## DIRECTIONS FOR THIS TASK
Once you have read the records below, report how many lines contain the word "unfolding", and give nothing besides that number.

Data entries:
Start of Block
lemma typing_subst_ctx_TensE:
  assumes "typing \<Gamma>1 t (TTens \<tau> \<rho>)" "\<Gamma>1 \<inter> \<Gamma>2 = {}" "finite L"
    and body: "\<And>x y. (x, \<tau>) \<notin> L \<Longrightarrow> (y, \<rho>) \<notin> L \<Longrightarrow> (x, \<tau>) \<noteq> (y, \<rho>) \<Longrightarrow>
      typing (\<Gamma>2 \<union> {(x, \<tau>), (y, \<rho>)}) (opn2 0 (FVar x \<tau>) (FVar y \<rho>) r) \<sigma>"
    and s: "typing \<Delta> s (snd X)" and disj: "(\<Gamma>1 \<union> \<Gamma>2 - {X}) \<inter> \<Delta> = {}"
    and IH: "subst_preserves_typing X s \<Delta> t"
      "\<And>x y. subst_preserves_typing X s \<Delta> (opn2 0 (FVar x \<tau>) (FVar y \<rho>) r)"
  shows "typing (subst_ctx X \<Delta> (\<Gamma>1 \<union> \<Gamma>2)) (subst X s (App t (Lam \<tau> (Lam \<rho> r)))) \<sigma>"
proof -
  have "typing (subst_ctx X \<Delta> \<Gamma>1 \<union> subst_ctx X \<Delta> \<Gamma>2)
      (App (subst X s t) (Lam \<tau> (Lam \<rho> (subst X s r)))) \<sigma>"
  proof (rule typing_TensE_cofinite[where L = "L \<union> \<Delta> \<union> {X}"])
    show "typing (subst_ctx X \<Delta> \<Gamma>1) (subst X s t) (TTens \<tau> \<rho>)"
      using IH(1) assms(1) disj unfolding subst_preserves_typing_def by blast
    show "subst_ctx X \<Delta> \<Gamma>1 \<inter> subst_ctx X \<Delta> \<Gamma>2 = {}"
      using assms(2) disj by (rule subst_ctx_disjoint)
    fix x y assume x: "(x, \<tau>) \<notin> L \<union> \<Delta> \<union> {X}" and y: "(y, \<rho>) \<notin> L \<union> \<Delta> \<union> {X}"
      and xy: "(x, \<tau>) \<noteq> (y, \<rho>)"
    have "typing (subst_ctx X \<Delta> (\<Gamma>2 \<union> {(x, \<tau>), (y, \<rho>)}))
        (subst X s (opn2 0 (FVar x \<tau>) (FVar y \<rho>) r)) \<sigma>"
      using IH(2)[of x y] body[of x y] x y xy disj unfolding subst_preserves_typing_def by blast
    then show "typing (subst_ctx X \<Delta> \<Gamma>2 \<union> {(x, \<tau>), (y, \<rho>)})
        (opn2 0 (FVar x \<tau>) (FVar y \<rho>) (subst X s r)) \<sigma>"
      using x y typing_lc[OF s] by (simp add: subst_ctx_insert subst_opn2)
  qed (use assms(3) typing_finite[OF s] in simp)
  then show ?thesis using assms(2) by (simp add: subst_ctx_Un)
qed

lemma subst_preserves_typing:
  assumes s: "typing \<Delta> s (snd X)"
  shows "subst_preserves_typing X s \<Delta> u"
proof (induction u rule: measure_induct_rule[of size])
  case (less u)
  have IH: "typing (subst_ctx X \<Delta> \<Gamma>') (subst X s v) \<rho>'"
    if "typing \<Gamma>' v \<rho>'" "size v < size u" "(\<Gamma>' - {X}) \<inter> \<Delta> = {}" for v \<Gamma>' \<rho>'
    using less.IH that unfolding subst_preserves_typing_def by blast
  show ?case
    unfolding subst_preserves_typing_def
  proof (intro allI impI)
    fix \<Gamma> \<rho> assume ty: "typing \<Gamma> u \<rho>" and disj: "(\<Gamma> - {X}) \<inter> \<Delta> = {}"
    from ty show "typing (subst_ctx X \<Delta> \<Gamma>) (subst X s u) \<rho>"
    proof cases
      case (T_Var \<Gamma>0 x)
      then show ?thesis using typing_subst_ctx_FVar[OF ty[unfolded T_Var(2)] s] by simp
    next
      case (T_Const c)
      then show ?thesis using typing_finite[OF s] by (auto simp: subst_ctx_def intro: typing.T_Const)
    next
      case (T_LamI x \<tau> t)
      obtain \<rho>' where \<rho>: "\<rho> = TArr \<tau> \<rho>'" and body:
        "\<And>z. (z, \<tau>) \<notin> \<Gamma> \<union> fv t \<Longrightarrow> typing (\<Gamma> \<union> {(z, \<tau>)}) (opn 0 (FVar z \<tau>) t) \<rho>'"
        using ty T_LamI(1) by (auto elim: typing_Lam_inv)
      have "subst_preserves_typing X s \<Delta> (opn 0 (FVar z \<tau>) t)" for z
        using less.IH T_LamI(1) by simp
      from typing_subst_ctx_LamI[where L = "\<Gamma> \<union> fv t", OF _ body s disj this]
      show ?thesis using typing_finite[OF ty] T_LamI(1) \<rho> by simp
    next
      case (T_LamE \<Gamma>1 t \<sigma> \<Gamma>2 s')
      have "typing (subst_ctx X \<Delta> \<Gamma>1 \<union> subst_ctx X \<Delta> \<Gamma>2) (subst X s u) \<rho>"
        using T_LamE disj by (auto intro!: typing.T_LamE IH subst_ctx_disjoint)
      then show ?thesis using T_LamE by (simp add: subst_ctx_Un)
    next
      case (T_BoolE \<Gamma>1 t \<Gamma>2 s1 r1)
      have "typing (subst_ctx X \<Delta> \<Gamma>1 \<union> subst_ctx X \<Delta> \<Gamma>2) (subst X s u) \<rho>"
        using T_BoolE disj by (auto intro!: typing.T_BoolE IH subst_ctx_disjoint)
      then show ?thesis using T_BoolE by (simp add: subst_ctx_Un)
    next
      case (T_TensE \<Gamma>1 t \<tau> \<rho>' x r y \<Gamma>2)
      from typing_subst_ctx_TensE[where L = "\<Gamma>2 \<union> fv r \<union> {(x, \<tau>), (y, \<rho>')}",
          OF T_TensE(3,10) _ typing_tens_body_rename[OF T_TensE(9,4-8)] s disj[unfolded T_TensE(1)]]
      show ?thesis
        using T_TensE(1,2) less.IH typing_finite[OF T_TensE(9)] by simp
    next
      case (T_ListE t \<tau> s0 \<rho>')
      have "subst X s s0 = s0"
        using typing_fv[OF T_ListE(4)] by (simp add: subst_fresh)
      then show ?thesis using T_ListE disj by (auto intro!: typing.T_ListE IH)
    qed (use disj in \<open>auto intro!: typing.T_ProdI typing.T_ProdE1 typing.T_ProdE0 IH\<close>)
  qed
qed

lemma typing_subst:
  assumes "typing (insert X \<Gamma>) u \<rho>" "typing \<Delta> s (snd X)" "X \<notin> \<Gamma>" "\<Gamma> \<inter> \<Delta> = {}"
  shows "typing (\<Gamma> \<union> \<Delta>) (subst X s u) \<rho>"
proof -
  have "(insert X \<Gamma> - {X}) \<inter> \<Delta> = {}"
    using assms(3,4) by auto
  then have "typing (subst_ctx X \<Delta> (insert X \<Gamma>)) (subst X s u) \<rho>"
    using subst_preserves_typing[OF assms(2)] assms(1) unfolding subst_preserves_typing_def by blast
  moreover have "subst_ctx X \<Delta> (insert X \<Gamma>) = \<Gamma> \<union> \<Delta>"
    using assms(3) by (auto simp: subst_ctx_def)
  ultimately show ?thesis by simp
qed

lemma typing_App_arrow_inv:
  assumes "typing \<Gamma> (App f s) T"
    and "\<And>\<Gamma>' T'. typing \<Gamma>' f T' \<Longrightarrow> \<exists>a b. T' = TArr a b"
  obtains \<Gamma>1 \<Gamma>2 a where "\<Gamma> = \<Gamma>1 \<union> \<Gamma>2" "\<Gamma>1 \<inter> \<Gamma>2 = {}" "typing \<Gamma>1 f (TArr a T)" "typing \<Gamma>2 s a"
  using assms(1) by (elim typing_AppE) (use that assms(2) in fastforce)+

lemma typing_Const_App:
  assumes "typing \<Gamma> (App (Const c) d) T" "ctype c = TArr a b"
  shows "T = b \<and> typing \<Gamma> d a"
proof -
  obtain \<Gamma>1 \<Gamma>2 a' where \<Gamma>: "\<Gamma> = \<Gamma>1 \<union> \<Gamma>2" and c: "typing \<Gamma>1 (Const c) (TArr a' T)"
    and d: "typing \<Gamma>2 d a'"
    using assms(1) by (rule typing_App_arrow_inv) (auto elim: typing_ConstE simp: assms(2))
  from c assms(2) have "a' = a" "T = b" "finite \<Gamma>1"
    by (auto elim: typing_ConstE)
  with \<Gamma> d show ?thesis
    by (auto intro: typing_mono dest: typing_finite)
qed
End of Block
## ANSWER BOX
5